═══ Records to use ═══

lemma eventually_resist_le_on_ball:
  fixes \<alpha> \<alpha>' :: "nat \<Rightarrow> real"
  assumes "\<alpha>' \<in> o(\<alpha>)" "\<forall>\<^sub>F n in sequentially. 0 < \<alpha> n" "0 < \<kappa>" "0 \<le> c1"
    and root: "\<forall>n\<ge>1. \<rho> \<in> V n"
    and gdist_le: "\<forall>n\<ge>n1. \<forall>x\<in>V n \<inter> ball \<rho> r. \<forall>y\<in>V n \<inter> ball \<rho> r.
                     gdist (\<mu> n) x y \<le> c * \<alpha> n * dist x y + \<alpha>' n"
    and resist_le: "\<forall>n\<ge>n0. \<forall>x\<in>V n. \<forall>y\<in>V n. resist (V n) (\<mu> n) x y \<le> c1 * gdist (\<mu> n) x y powr \<kappa>"
  shows "\<forall>\<^sub>F n in sequentially. \<forall>x\<in>V n \<inter> ball \<rho> r.
           resist (V n) (\<mu> n) \<rho> x \<le> c1 * (\<bar>c\<bar> * r + 1) powr \<kappa> * \<alpha> n powr \<kappa>"
proof -
  have "\<forall>\<^sub>F n in sequentially. norm (\<alpha>' n) \<le> 1 * norm (\<alpha> n)"
    using landau_o.smallD[OF assms(1), of 1] by simp
  with assms(2) have "\<forall>\<^sub>F n in sequentially. \<alpha>' n \<le> \<alpha> n"
    by eventually_elim auto
  with assms(2) eventually_ge_at_top[of "max 1 (max n0 n1)"]
  show ?thesis
  proof eventually_elim
    case (elim n)
    show ?case
    proof
      fix x assume x: "x \<in> V n \<inter> ball \<rho> r"
      hence "0 < r" by (metis IntD2 mem_ball zero_le_dist le_less_trans)
      hence "\<rho> \<in> V n \<inter> ball \<rho> r" using root elim by auto
      have "resist (V n) (\<mu> n) \<rho> x \<le> c1 * gdist (\<mu> n) \<rho> x powr \<kappa>"
        using resist_le elim x \<open>\<rho> \<in> V n \<inter> ball \<rho> r\<close> by auto
      also have "\<dots> \<le> c1 * (\<bar>c\<bar> * r + 1) powr \<kappa> * \<alpha> n powr \<kappa>"
        using gdist_le elim x \<open>\<rho> \<in> V n \<inter> ball \<rho> r\<close> assms(3,4)
        by (intro powr_le_of_affine_bound[where d = "dist \<rho> x" and \<alpha>' = "\<alpha>' n"]) (auto simp: gdist_def)
      finally show "resist (V n) (\<mu> n) \<rho> x \<le> c1 * (\<bar>c\<bar> * r + 1) powr \<kappa> * \<alpha> n powr \<kappa>" .
    qed
  qed
qed

lemma eventually_SUP_scaled_hinv_le:
  fixes \<alpha> \<beta> \<gamma> :: "nat \<Rightarrow> real"
  assumes "0 < q" "0 < c2" "0 \<le> a"
    and "\<forall>\<^sub>F n in sequentially. 0 < \<alpha> n \<and> 0 < \<beta> n \<and> 0 \<le> \<gamma> n"
    and "\<forall>\<^sub>F n in sequentially. c2 * \<gamma> n \<le> \<alpha> n powr \<kappa> * \<beta> n"
    and "\<forall>\<^sub>F n in sequentially. ennreal (\<beta> n * q) \<le> rvol (V n) (\<mu> n) \<rho> (C * \<alpha> n powr \<kappa>)"
  shows "\<forall>\<^sub>F n in sequentially.
           (SUP t\<in>{a..b}. ereal (\<alpha> n powr (-\<kappa>) * hinv (V n) (\<mu> n) \<rho> (\<gamma> n * t)))
             \<le> ereal (max C (b / (c2 * q)))"
  using assms(4-6)
proof eventually_elim
  case (elim n)
  show ?case
  proof (rule SUP_least)
    fix t assume "t \<in> {a..b}"
    with elim assms(1-3) show "ereal (\<alpha> n powr (-\<kappa>) * hinv (V n) (\<mu> n) \<rho> (\<gamma> n * t))
        \<le> ereal (max C (b / (c2 * q)))"
      unfolding ereal_less_eq(3) by (intro scaled_hinv_le[of _ "\<beta> n"]) auto
  qed
qed

theorem lemma4p5:
  fixes F :: "'e::metric_space set" and \<rho> :: 'e and \<nu> :: "'e measure"
    and V :: "nat \<Rightarrow> 'e set" and \<mu> :: "nat \<Rightarrow> 'e \<Rightarrow> 'e \<Rightarrow> real"
    and \<alpha> \<beta> \<gamma> :: "nat \<Rightarrow> real" and \<kappa> a b :: real
  assumes F_proper: "\<forall>x r. 0 < r \<longrightarrow> compact (F \<inter> cball x r)"
    and rho_F: "\<rho> \<in> F"
    and nu_sets: "sets \<nu> = sets borel"
    and nu_on_F: "\<forall>A\<in>sets borel. emeasure \<nu> A = emeasure \<nu> (A \<inter> F)"
    and nu_locally_finite: "\<forall>x\<in>F. \<exists>r>0. emeasure \<nu> (ball x r) < top"
    and nu_inner_regular:
      "\<forall>A\<in>sets borel. emeasure \<nu> A = (SUP K\<in>{K. K \<subseteq> A \<and> compact K}. emeasure \<nu> K)"
    and nu_full_support: "\<forall>x\<in>F. \<forall>r>0. 0 < emeasure \<nu> (ball x r)"
    and graphs: "\<forall>n\<ge>1. weighted_graph (V n) (\<mu> n)"
    and root: "\<forall>n\<ge>1. \<rho> \<in> V n"
    and seq_nonneg: "\<forall>n\<ge>1. 0 \<le> \<alpha> n \<and> 0 \<le> \<beta> n \<and> 0 \<le> \<gamma> n"
    and alpha_div: "filterlim \<alpha> at_top sequentially"
    and beta_div: "filterlim \<beta> at_top sequentially"
    and gamma_div: "filterlim \<gamma> at_top sequentially"
    and A5_i_lower: "\<exists>c>0. \<forall>n\<ge>1. \<forall>x\<in>V n. \<forall>y\<in>V n.
                        gdist (\<mu> n) x y \<ge> c * \<alpha> n * dist x y"
    and A5_i_upper: "\<exists>\<alpha>'::nat \<Rightarrow> real. (\<forall>n. 0 \<le> \<alpha>' n) \<and> \<alpha>' \<in> o(\<alpha>) \<and>
                        (\<forall>r>0. \<exists>c' n0. \<forall>n\<ge>n0. \<forall>x\<in>V n \<inter> ball \<rho> r. \<forall>y\<in>V n \<inter> ball \<rho> r.
                           gdist (\<mu> n) x y \<le> c' * \<alpha> n * dist x y + \<alpha>' n)"
    and A5_ii: "\<forall>x\<in>F. \<forall>r>0.
                  (\<lambda>n. ennreal (inverse (\<beta> n)) * gmeasure (V n) (\<mu> n) (ball x r))
                    \<longlonglongrightarrow> emeasure \<nu> (ball x r)"
    and kappa_pos: "0 < \<kappa>"
    and A5_iii: "\<exists>c1>0. \<exists>c2>0. \<exists>c3>0. \<exists>n0. \<forall>n\<ge>n0.
                   (\<forall>x\<in>V n. \<forall>y\<in>V n. resist (V n) (\<mu> n) x y \<le> c1 * gdist (\<mu> n) x y powr \<kappa>) \<and>
                   c2 * \<gamma> n \<le> \<alpha> n powr \<kappa> * \<beta> n \<and> \<alpha> n powr \<kappa> * \<beta> n \<le> c3 * \<gamma> n"
    and I_pos: "0 < a" and I_le: "a \<le> b"
  shows "limsup (\<lambda>n. SUP t\<in>{a..b}. ereal (\<alpha> n powr (-\<kappa>) * hinv (V n) (\<mu> n) \<rho> (\<gamma> n * t)))
           < \<infinity>"
proof -
  obtain q where q: "0 < q" "ennreal q < emeasure \<nu> (ball \<rho> 1)"
    using ennreal_obtain_real_less nu_full_support rho_F zero_less_one by blast
  obtain \<alpha>' c n1 where \<alpha>': "\<alpha>' \<in> o(\<alpha>)"
    and gdist_le: "\<forall>n\<ge>n1. \<forall>x\<in>V n \<inter> ball \<rho> 1. \<forall>y\<in>V n \<inter> ball \<rho> 1.
                     gdist (\<mu> n) x y \<le> c * \<alpha> n * dist x y + \<alpha>' n"
    using A5_i_upper by (meson zero_less_one)
  obtain c1 c2 n0 where c: "0 < c1" "0 < c2" and iii: "\<forall>n\<ge>n0.
      (\<forall>x\<in>V n. \<forall>y\<in>V n. resist (V n) (\<mu> n) x y \<le> c1 * gdist (\<mu> n) x y powr \<kappa>) \<and>
      c2 * \<gamma> n \<le> \<alpha> n powr \<kappa> * \<beta> n"
    using A5_iii by blast
  have resist_gdist: "\<forall>n\<ge>n0. \<forall>x\<in>V n. \<forall>y\<in>V n. resist (V n) (\<mu> n) x y \<le> c1 * gdist (\<mu> n) x y powr \<kappa>"
    using iii by blast
  define C where "C = c1 * (\<bar>c\<bar> + 1) powr \<kappa>"
  have \<alpha>_pos: "\<forall>\<^sub>F n in sequentially. 0 < \<alpha> n"
    using alpha_div filterlim_at_top_dense by blast
  have \<beta>_pos: "\<forall>\<^sub>F n in sequentially. 0 < \<beta> n"
    using beta_div filterlim_at_top_dense by blast
  have \<gamma>_scale: "\<forall>\<^sub>F n in sequentially. 0 \<le> \<gamma> n \<and> c2 * \<gamma> n \<le> \<alpha> n powr \<kappa> * \<beta> n"
    using eventually_ge_at_top[of "max 1 n0"] by eventually_elim (use iii seq_nonneg in auto)
  have "\<forall>\<^sub>F n in sequentially. \<forall>x\<in>V n \<inter> ball \<rho> 1. resist (V n) (\<mu> n) \<rho> x \<le> C * \<alpha> n powr \<kappa>"
    using eventually_resist_le_on_ball[OF \<alpha>' \<alpha>_pos kappa_pos less_imp_le[OF c(1)] root gdist_le
        resist_gdist] by (simp add: C_def)
  moreover have "\<forall>\<^sub>F n in sequentially. ennreal (\<beta> n * q) \<le> gmeasure (V n) (\<mu> n) (ball \<rho> 1)"
    using q(1) by (intro eventually_ennreal_mult_le_of_tendsto[OF A5_ii[rule_format, OF rho_F zero_less_one]
        q(2) _ \<beta>_pos]) simp
  ultimately have "\<forall>\<^sub>F n in sequentially. ennreal (\<beta> n * q) \<le> rvol (V n) (\<mu> n) \<rho> (C * \<alpha> n powr \<kappa>)"
    by eventually_elim (meson gmeasure_le_rvol order_trans)
  with \<alpha>_pos \<beta>_pos \<gamma>_scale q(1) c(2) I_pos
  have "\<forall>\<^sub>F n in sequentially.
          (SUP t\<in>{a..b}. ereal (\<alpha> n powr (-\<kappa>) * hinv (V n) (\<mu> n) \<rho> (\<gamma> n * t)))
            \<le> ereal (max C (b / (c2 * q)))"
    by (intro eventually_SUP_scaled_hinv_le) (auto elim: eventually_mono simp: eventually_conj_iff)
  then have "limsup (\<lambda>n. SUP t\<in>{a..b}. ereal (\<alpha> n powr (-\<kappa>) * hinv (V n) (\<mu> n) \<rho> (\<gamma> n * t)))
               \<le> ereal (max C (b / (c2 * q)))"
    by (rule Limsup_bounded)
  also have "\<dots> < \<infinity>" by (rule ereal_less_PInfty) (rule PInfty_neq_ereal(1))
  finally show ?thesis .
qed

end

═══

◆ **Required work**: Above are the entries. Copy exactly the part that opens with the line containing "fix x assume" and closes with the line containing "elim by auto", and no more.

◆ **Exercise answer**:
      fix x assume x: "x \<in> V n \<inter> ball \<rho> r"
      hence "0 < r" by (metis IntD2 mem_ball zero_le_dist le_less_trans)
      hence "\<rho> \<in> V n \<inter> ball \<rho> r" using root elim by auto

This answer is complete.